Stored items
* * * *
(* Consider a single arc with affine delay function $D(x)=\alpha x+\beta$, $\alpha\ge0$, $\beta>0$, which is empty at time $t_0$. Let $u^{(n)},u\in L^2_+([t_0,t_f])$ (extended by zero outside $[t_0,t_f]$) be inflow rates with $\|u^{(n)}-u\|_{L^2([t_0,t_f])}\to 0$, with cumulative inflows $U^{(n)}(t)=\int_{t_0}^t u^{(n)}(s)\,ds$, $U(t)=\int_{t_0}^t u(s)\,ds$. Let $\tau^{(n)},\tau$ be the corresponding exit time functions and $V^{(n)},V$ the corresponding cumulative exit counts, as defined in the context. Then $U^{(n)}\to U$, $\tau^{(n)}\to\tau$ and $V^{(n)}\to V$ uniformly on $[t_0,t_f]$.
   Context: For a cumulative inflow $U$ on a single arc that is empty at $t_0$ (and receives no vehicles before $t_0$), the arc volume is $X(t)=U(t)-V(t)$, where $V(t)$ is the cumulative number of vehicles that have exited by time $t$; the exit time of a vehicle entering at time $t$ is $\tau(t)=t+\alpha X(t)+\beta$ (with $\tau(t)=t+\beta$ for $t<t_0$), and first-in-first-out propagation gives $V(\tau(t))=U(t)$. With affine delay and $\beta>0$, $\tau$ is continuous and strictly increasing, so $V(t)=U(\tau^{-1}(t))$ for $t\ge\tau(t_0)$ and $V(t)=0$ for $t<\tau(t_0)$; in particular $\tau(t)=t+\alpha\big[U(t)-U(\tau^{-1}(t))\big]+\beta$ whenever $t\ge \tau(t_0)$, and $\tau(t)=t+\alpha U(t)+\beta$ for $t_0\le t\le \tau(t_0)$. *)

theory Defs
  imports "HOL-Analysis.Analysis"
begin

text \<open>Outside [t0,tf] it is regarded as zero
  (this is built into the cumulative inflow below).\<close>
definition L2_plus :: "real \<Rightarrow> real \<Rightarrow> (real \<Rightarrow> real) \<Rightarrow> bool" where
  "L2_plus t0 tf u \<longleftrightarrow>
     set_borel_measurable lborel {t0..tf} u \<and>
     set_integrable lborel {t0..tf} (\<lambda>s. (u s)\<^sup>2) \<and>
     (AE s in lborel. s \<in> {t0..tf} \<longrightarrow> u s \<ge> 0)"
* * * *
Please copy out every line shown above, exactly.

* [TASK RESULT]:
(* Consider a single arc with affine delay function $D(x)=\alpha x+\beta$, $\alpha\ge0$, $\beta>0$, which is empty at time $t_0$. Let $u^{(n)},u\in L^2_+([t_0,t_f])$ (extended by zero outside $[t_0,t_f]$) be inflow rates with $\|u^{(n)}-u\|_{L^2([t_0,t_f])}\to 0$, with cumulative inflows $U^{(n)}(t)=\int_{t_0}^t u^{(n)}(s)\,ds$, $U(t)=\int_{t_0}^t u(s)\,ds$. Let $\tau^{(n)},\tau$ be the corresponding exit time functions and $V^{(n)},V$ the corresponding cumulative exit counts, as defined in the context. Then $U^{(n)}\to U$, $\tau^{(n)}\to\tau$ and $V^{(n)}\to V$ uniformly on $[t_0,t_f]$.
   Context: For a cumulative inflow $U$ on a single arc that is empty at $t_0$ (and receives no vehicles before $t_0$), the arc volume is $X(t)=U(t)-V(t)$, where $V(t)$ is the cumulative number of vehicles that have exited by time $t$; the exit time of a vehicle entering at time $t$ is $\tau(t)=t+\alpha X(t)+\beta$ (with $\tau(t)=t+\beta$ for $t<t_0$), and first-in-first-out propagation gives $V(\tau(t))=U(t)$. With affine delay and $\beta>0$, $\tau$ is continuous and strictly increasing, so $V(t)=U(\tau^{-1}(t))$ for $t\ge\tau(t_0)$ and $V(t)=0$ for $t<\tau(t_0)$; in particular $\tau(t)=t+\alpha\big[U(t)-U(\tau^{-1}(t))\big]+\beta$ whenever $t\ge \tau(t_0)$, and $\tau(t)=t+\alpha U(t)+\beta$ for $t_0\le t\le \tau(t_0)$. *)

theory Defs
  imports "HOL-Analysis.Analysis"
begin

text \<open>Outside [t0,tf] it is regarded as zero
  (this is built into the cumulative inflow below).\<close>
definition L2_plus :: "real \<Rightarrow> real \<Rightarrow> (real \<Rightarrow> real) \<Rightarrow> bool" where
  "L2_plus t0 tf u \<longleftrightarrow>
     set_borel_measurable lborel {t0..tf} u \<and>
     set_integrable lborel {t0..tf} (\<lambda>s. (u s)\<^sup>2) \<and>
     (AE s in lborel. s \<in> {t0..tf} \<longrightarrow> u s \<ge> 0)"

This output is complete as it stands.